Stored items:
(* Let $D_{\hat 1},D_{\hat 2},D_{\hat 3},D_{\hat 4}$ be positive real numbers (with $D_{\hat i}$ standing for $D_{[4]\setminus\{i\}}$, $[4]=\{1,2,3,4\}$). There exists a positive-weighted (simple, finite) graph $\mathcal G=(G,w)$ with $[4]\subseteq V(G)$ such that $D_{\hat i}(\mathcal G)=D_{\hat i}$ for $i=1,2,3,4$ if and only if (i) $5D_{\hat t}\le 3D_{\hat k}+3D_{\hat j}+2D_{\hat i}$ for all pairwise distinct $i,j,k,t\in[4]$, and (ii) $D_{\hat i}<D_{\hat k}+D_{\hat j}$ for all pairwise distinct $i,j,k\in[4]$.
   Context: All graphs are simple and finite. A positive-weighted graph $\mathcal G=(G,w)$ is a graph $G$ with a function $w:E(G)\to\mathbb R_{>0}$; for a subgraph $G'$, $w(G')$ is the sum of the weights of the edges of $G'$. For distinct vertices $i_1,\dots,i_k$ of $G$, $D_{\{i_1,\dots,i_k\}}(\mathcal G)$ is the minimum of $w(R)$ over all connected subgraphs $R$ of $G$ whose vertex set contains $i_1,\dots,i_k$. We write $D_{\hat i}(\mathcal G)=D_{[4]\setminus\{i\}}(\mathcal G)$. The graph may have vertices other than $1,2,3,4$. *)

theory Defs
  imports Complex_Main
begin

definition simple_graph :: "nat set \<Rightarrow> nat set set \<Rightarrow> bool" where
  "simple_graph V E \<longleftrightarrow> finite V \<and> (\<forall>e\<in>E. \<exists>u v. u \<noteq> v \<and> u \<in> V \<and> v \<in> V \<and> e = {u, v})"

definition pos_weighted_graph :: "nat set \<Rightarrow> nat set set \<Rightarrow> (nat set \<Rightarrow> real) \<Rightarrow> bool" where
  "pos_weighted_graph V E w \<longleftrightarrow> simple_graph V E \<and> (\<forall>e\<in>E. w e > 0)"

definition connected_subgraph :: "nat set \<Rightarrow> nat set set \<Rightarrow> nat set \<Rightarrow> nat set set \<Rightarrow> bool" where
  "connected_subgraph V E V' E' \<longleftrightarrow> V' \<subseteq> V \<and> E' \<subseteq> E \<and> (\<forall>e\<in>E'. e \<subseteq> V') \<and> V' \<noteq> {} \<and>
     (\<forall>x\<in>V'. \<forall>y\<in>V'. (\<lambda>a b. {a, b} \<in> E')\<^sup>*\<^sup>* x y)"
* * *
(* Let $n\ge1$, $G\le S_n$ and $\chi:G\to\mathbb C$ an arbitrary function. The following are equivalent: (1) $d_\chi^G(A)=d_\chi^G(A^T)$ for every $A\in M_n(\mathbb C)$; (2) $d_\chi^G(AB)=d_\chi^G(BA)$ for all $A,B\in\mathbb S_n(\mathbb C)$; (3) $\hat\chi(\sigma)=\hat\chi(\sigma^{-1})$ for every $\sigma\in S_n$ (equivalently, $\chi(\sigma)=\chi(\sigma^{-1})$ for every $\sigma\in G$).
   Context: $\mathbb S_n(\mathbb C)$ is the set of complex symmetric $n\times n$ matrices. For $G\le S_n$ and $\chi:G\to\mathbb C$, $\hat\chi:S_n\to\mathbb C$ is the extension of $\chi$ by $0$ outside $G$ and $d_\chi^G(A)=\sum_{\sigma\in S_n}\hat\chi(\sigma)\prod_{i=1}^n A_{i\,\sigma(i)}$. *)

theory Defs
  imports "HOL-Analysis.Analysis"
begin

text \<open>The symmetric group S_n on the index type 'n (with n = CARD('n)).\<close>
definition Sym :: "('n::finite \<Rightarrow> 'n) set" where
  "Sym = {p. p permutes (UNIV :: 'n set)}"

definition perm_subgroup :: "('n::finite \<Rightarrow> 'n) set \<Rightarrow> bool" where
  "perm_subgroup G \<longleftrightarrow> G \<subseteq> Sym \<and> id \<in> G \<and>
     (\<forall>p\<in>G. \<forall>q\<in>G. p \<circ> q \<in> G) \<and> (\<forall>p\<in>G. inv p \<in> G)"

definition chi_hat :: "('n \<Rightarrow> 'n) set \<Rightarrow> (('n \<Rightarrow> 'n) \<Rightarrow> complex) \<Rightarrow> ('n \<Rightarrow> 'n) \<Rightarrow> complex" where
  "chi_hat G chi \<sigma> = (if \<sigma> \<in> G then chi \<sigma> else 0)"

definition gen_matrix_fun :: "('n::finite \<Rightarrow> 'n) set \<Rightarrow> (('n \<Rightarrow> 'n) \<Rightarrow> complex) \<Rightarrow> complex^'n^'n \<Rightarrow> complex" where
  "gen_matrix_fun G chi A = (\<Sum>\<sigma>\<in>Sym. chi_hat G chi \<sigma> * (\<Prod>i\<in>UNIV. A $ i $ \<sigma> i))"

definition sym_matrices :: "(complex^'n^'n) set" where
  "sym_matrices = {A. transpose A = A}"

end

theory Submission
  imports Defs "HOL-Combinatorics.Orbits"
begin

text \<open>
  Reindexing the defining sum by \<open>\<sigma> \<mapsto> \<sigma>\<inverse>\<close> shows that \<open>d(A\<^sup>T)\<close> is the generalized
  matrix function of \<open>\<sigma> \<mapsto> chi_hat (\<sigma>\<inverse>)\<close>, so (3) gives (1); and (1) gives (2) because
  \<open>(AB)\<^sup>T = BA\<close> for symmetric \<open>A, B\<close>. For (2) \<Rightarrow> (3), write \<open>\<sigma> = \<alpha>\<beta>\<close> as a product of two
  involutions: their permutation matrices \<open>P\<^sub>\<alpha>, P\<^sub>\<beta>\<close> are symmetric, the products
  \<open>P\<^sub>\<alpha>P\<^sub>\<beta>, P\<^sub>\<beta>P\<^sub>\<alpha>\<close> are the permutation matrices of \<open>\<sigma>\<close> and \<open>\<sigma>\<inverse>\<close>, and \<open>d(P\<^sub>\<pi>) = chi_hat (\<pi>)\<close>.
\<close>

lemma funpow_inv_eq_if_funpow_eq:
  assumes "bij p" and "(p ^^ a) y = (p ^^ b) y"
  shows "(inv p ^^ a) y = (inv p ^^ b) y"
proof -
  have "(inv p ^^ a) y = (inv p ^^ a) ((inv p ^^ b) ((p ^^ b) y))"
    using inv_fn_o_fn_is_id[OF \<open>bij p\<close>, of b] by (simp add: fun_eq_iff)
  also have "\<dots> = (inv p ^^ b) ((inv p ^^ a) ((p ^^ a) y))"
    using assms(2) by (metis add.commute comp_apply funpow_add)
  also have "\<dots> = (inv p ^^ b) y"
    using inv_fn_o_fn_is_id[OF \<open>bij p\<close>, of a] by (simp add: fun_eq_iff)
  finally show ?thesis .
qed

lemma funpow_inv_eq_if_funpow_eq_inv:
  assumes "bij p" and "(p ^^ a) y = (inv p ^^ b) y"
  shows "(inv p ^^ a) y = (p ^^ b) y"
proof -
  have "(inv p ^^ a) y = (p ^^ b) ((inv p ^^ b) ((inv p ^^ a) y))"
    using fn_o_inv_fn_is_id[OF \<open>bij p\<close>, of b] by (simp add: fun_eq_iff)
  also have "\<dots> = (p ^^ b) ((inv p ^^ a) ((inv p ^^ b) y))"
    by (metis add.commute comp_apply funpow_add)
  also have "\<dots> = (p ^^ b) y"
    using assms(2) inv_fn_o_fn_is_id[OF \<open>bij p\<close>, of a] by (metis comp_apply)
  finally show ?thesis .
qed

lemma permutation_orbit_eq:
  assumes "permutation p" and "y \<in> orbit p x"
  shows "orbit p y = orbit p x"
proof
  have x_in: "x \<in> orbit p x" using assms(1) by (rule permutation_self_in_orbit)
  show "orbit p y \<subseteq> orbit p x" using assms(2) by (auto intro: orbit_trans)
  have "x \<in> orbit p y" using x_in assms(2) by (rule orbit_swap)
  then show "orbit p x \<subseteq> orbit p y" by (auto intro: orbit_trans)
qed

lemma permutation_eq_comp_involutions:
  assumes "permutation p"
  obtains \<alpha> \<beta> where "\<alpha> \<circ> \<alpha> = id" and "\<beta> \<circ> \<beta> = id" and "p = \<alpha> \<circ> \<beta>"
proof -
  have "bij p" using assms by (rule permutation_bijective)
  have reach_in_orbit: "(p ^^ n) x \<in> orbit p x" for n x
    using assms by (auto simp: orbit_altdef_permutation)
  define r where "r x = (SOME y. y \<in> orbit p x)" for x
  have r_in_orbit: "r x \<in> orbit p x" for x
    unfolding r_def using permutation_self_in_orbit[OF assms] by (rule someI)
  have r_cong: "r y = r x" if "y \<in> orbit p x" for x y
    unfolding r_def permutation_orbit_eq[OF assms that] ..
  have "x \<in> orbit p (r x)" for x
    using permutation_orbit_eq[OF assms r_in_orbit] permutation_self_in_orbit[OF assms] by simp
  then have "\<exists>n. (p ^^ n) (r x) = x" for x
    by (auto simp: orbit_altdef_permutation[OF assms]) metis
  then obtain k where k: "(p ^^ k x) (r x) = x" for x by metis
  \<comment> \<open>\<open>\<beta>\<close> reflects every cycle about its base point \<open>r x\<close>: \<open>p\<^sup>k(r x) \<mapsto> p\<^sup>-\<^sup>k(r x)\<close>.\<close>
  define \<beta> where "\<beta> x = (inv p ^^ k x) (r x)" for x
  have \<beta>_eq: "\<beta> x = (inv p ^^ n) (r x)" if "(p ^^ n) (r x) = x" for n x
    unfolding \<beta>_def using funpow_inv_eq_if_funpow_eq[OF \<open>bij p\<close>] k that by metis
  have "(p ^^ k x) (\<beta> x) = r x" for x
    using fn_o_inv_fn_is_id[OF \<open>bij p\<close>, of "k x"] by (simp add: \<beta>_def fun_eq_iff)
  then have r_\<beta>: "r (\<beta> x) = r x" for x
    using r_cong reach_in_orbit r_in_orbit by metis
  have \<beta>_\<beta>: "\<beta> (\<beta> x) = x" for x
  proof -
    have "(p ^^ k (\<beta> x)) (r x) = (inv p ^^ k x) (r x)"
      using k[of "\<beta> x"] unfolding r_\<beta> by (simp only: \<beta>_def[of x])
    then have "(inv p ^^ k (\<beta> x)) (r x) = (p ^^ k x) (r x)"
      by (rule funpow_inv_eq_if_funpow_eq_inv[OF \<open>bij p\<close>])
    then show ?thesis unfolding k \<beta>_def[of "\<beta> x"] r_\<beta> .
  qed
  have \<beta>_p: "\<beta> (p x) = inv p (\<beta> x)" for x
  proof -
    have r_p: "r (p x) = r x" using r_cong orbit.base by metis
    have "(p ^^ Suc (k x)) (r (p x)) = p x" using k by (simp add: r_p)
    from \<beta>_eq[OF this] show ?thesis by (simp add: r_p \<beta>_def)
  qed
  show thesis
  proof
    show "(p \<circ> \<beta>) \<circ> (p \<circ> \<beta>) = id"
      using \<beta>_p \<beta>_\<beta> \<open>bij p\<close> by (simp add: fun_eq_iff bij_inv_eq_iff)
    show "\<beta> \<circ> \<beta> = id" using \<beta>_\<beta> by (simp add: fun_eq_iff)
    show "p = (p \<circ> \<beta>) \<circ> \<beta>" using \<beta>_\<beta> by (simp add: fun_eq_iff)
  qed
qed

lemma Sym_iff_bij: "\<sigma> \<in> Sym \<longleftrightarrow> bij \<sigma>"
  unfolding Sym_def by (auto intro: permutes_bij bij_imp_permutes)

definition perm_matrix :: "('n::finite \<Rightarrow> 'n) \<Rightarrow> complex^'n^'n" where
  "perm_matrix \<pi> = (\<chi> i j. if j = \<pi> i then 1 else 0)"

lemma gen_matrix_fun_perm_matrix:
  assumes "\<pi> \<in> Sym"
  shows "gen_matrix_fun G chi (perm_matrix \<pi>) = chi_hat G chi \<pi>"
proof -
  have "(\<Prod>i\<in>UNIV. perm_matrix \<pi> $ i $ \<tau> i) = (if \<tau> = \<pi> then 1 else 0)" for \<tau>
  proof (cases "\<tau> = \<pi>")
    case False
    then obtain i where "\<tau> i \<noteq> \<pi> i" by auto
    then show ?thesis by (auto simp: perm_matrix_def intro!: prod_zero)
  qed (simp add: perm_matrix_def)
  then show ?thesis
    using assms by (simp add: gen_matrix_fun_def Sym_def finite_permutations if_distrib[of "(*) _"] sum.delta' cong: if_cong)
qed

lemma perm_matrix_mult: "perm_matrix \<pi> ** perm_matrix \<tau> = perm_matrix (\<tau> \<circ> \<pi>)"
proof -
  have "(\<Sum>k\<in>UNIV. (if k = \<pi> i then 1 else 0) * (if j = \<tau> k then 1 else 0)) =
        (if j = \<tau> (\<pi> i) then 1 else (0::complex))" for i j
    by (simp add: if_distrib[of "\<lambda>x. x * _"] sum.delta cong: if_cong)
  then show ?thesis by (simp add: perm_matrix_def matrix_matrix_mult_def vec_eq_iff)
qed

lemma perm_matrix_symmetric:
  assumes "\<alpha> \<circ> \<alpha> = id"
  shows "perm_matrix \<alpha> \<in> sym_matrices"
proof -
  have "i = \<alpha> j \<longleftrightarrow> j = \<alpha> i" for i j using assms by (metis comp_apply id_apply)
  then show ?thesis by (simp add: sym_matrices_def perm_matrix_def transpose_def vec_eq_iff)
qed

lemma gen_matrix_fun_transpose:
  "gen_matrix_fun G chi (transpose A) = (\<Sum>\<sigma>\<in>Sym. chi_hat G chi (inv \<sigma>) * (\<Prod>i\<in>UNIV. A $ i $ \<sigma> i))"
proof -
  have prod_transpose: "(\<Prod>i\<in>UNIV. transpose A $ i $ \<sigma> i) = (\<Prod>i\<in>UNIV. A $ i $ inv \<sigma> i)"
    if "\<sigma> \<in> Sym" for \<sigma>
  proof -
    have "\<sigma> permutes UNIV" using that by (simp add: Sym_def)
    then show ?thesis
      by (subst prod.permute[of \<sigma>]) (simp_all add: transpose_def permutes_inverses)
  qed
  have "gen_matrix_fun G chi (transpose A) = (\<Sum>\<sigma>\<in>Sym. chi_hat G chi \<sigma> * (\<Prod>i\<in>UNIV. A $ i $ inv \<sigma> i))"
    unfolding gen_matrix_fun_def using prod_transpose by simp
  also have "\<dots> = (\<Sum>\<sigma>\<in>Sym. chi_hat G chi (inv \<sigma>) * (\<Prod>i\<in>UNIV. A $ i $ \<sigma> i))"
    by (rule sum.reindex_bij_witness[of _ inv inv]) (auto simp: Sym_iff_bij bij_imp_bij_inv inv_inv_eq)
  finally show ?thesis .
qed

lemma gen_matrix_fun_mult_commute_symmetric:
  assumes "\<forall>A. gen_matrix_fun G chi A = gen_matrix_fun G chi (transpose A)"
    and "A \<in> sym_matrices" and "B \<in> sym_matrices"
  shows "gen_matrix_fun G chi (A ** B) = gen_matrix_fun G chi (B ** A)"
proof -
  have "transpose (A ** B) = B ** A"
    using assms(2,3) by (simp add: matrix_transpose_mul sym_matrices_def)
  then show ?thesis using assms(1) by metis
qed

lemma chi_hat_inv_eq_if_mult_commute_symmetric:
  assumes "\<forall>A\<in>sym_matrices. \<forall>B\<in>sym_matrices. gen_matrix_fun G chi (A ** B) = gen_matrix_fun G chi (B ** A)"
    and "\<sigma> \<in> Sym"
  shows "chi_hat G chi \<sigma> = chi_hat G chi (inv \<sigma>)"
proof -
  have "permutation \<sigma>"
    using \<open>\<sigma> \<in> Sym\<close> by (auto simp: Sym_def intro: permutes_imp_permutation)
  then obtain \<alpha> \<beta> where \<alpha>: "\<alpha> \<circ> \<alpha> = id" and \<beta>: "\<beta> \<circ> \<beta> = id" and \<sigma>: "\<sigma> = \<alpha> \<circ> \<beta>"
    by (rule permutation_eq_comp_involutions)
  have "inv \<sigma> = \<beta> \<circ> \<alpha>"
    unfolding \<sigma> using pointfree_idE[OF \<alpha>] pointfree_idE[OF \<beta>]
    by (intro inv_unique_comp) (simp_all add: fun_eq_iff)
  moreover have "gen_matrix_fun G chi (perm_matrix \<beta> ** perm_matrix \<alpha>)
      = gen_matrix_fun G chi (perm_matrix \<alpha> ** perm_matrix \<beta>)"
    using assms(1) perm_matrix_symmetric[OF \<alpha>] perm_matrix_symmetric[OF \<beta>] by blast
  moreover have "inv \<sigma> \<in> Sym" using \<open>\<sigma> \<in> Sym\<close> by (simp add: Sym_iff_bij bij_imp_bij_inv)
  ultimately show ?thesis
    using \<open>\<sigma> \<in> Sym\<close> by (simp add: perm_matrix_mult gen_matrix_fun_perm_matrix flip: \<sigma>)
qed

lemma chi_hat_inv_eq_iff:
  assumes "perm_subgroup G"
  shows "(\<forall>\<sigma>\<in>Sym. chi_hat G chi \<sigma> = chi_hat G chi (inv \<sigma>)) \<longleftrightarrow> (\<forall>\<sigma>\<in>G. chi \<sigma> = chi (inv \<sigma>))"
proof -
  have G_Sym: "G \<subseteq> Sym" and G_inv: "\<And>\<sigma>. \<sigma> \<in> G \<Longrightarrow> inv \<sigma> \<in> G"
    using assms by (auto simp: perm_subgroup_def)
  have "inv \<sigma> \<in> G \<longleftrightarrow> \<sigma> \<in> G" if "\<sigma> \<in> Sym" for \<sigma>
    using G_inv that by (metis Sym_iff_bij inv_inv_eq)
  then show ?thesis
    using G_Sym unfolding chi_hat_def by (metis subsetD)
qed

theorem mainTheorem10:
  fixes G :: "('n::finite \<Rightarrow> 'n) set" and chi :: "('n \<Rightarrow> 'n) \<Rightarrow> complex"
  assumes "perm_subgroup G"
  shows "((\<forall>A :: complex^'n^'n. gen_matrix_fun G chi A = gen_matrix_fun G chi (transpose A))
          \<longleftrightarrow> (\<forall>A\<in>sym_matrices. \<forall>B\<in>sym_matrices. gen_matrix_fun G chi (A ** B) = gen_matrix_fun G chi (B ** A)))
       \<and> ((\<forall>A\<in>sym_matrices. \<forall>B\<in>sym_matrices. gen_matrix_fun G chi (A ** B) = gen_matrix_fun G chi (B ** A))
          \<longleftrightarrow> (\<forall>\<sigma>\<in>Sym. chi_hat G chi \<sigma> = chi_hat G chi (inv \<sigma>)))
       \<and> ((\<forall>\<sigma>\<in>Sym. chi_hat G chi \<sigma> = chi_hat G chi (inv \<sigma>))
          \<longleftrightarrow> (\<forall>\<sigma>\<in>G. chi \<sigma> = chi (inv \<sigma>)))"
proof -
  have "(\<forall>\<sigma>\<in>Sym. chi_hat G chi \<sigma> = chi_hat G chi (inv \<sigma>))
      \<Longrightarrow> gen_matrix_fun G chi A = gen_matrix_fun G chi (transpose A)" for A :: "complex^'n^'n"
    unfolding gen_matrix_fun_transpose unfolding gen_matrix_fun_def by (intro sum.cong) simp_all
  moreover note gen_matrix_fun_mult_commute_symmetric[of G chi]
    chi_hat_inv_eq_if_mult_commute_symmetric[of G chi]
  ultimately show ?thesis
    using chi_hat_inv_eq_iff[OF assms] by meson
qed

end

## Task instructions
In the records, which lines use the word "lambda"? Report them.

## Reply
     (\<forall>x\<in>V'. \<forall>y\<in>V'. (\<lambda>a b. {a, b} \<in> E')\<^sup>*\<^sup>* x y)"
    by (simp add: if_distrib[of "\<lambda>x. x * _"] sum.delta cong: if_cong)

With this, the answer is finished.